● **Exercise**:
Report every line of the records below that contains the word "with".

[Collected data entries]
=== Begin Enclosure ===
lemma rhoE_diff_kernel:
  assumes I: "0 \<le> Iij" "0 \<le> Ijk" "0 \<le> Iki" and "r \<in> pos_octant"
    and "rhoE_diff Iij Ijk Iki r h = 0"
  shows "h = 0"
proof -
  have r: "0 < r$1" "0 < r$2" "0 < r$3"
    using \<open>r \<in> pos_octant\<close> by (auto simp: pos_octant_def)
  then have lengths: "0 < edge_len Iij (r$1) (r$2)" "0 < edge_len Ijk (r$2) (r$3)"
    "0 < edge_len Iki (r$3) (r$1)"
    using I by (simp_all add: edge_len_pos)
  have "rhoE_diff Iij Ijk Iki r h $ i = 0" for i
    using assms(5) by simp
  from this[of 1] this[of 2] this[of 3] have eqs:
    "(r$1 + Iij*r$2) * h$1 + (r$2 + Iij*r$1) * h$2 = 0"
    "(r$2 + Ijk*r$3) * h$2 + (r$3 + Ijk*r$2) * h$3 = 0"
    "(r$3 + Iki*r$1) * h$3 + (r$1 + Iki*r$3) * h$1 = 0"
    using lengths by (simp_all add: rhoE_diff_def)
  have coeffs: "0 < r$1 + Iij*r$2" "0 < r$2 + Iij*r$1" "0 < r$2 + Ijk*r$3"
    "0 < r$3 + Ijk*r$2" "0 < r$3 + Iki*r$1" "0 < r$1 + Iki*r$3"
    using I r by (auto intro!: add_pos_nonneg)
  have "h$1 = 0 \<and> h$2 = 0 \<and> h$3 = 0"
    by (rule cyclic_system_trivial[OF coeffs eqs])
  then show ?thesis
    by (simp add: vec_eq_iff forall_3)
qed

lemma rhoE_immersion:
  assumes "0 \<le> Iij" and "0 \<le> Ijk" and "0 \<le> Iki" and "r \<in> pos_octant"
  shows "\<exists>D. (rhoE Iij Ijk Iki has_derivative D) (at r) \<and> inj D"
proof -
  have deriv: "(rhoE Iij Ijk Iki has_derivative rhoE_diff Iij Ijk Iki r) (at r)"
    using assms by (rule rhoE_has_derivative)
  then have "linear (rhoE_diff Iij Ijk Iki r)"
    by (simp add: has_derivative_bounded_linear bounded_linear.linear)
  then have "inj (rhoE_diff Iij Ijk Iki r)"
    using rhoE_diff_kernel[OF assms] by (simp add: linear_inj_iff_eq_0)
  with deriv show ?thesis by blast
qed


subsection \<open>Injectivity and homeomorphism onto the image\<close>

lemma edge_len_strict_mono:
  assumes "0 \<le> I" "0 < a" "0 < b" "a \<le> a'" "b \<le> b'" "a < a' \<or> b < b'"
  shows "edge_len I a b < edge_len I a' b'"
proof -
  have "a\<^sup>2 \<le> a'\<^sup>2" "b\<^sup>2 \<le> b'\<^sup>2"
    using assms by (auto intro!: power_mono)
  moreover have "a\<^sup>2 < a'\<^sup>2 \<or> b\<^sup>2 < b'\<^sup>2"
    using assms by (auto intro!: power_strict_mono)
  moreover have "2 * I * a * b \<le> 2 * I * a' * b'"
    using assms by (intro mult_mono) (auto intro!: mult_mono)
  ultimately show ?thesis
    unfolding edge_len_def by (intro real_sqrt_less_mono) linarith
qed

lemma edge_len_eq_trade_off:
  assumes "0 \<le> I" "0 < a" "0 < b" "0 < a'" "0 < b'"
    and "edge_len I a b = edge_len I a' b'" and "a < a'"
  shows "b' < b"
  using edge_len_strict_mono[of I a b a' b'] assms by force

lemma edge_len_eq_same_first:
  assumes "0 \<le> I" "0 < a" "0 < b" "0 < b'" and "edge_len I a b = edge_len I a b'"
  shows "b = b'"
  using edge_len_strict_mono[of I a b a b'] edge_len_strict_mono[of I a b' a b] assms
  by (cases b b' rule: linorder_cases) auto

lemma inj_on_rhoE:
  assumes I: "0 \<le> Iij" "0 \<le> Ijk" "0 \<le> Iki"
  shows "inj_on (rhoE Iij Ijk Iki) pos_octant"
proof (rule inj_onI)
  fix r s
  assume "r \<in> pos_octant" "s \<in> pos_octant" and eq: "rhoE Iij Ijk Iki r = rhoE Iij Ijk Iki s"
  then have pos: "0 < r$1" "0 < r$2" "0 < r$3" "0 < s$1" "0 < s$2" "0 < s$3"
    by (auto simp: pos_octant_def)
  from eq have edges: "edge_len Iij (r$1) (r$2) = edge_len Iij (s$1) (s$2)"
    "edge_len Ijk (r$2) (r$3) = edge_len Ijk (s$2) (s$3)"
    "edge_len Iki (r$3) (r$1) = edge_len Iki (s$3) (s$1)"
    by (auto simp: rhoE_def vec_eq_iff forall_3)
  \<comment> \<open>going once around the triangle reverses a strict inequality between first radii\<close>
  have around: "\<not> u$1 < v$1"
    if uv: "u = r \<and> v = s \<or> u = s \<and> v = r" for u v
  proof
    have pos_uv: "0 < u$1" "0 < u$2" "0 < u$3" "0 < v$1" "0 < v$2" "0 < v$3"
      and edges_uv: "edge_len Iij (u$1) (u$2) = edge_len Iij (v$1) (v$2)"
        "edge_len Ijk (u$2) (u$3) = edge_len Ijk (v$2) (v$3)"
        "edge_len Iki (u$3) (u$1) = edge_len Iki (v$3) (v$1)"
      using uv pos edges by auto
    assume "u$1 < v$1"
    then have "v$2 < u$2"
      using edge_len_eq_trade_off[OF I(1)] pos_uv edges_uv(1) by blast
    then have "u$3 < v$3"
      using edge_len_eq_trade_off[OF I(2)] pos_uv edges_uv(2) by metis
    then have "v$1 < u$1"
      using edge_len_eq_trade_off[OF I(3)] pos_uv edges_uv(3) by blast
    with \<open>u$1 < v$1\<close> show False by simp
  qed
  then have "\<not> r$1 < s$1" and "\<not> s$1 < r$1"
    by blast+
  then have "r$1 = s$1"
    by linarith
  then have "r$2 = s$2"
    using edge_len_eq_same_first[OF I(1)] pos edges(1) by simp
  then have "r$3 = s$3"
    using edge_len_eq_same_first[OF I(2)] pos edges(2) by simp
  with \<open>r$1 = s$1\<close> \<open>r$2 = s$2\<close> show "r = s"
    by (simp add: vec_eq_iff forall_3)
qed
=== End Enclosure ===
● **Solved problem**:
  with deriv show ?thesis by blast
    with \<open>u$1 < v$1\<close> show False by simp
  with \<open>r$1 = s$1\<close> \<open>r$2 = s$2\<close> show "r = s"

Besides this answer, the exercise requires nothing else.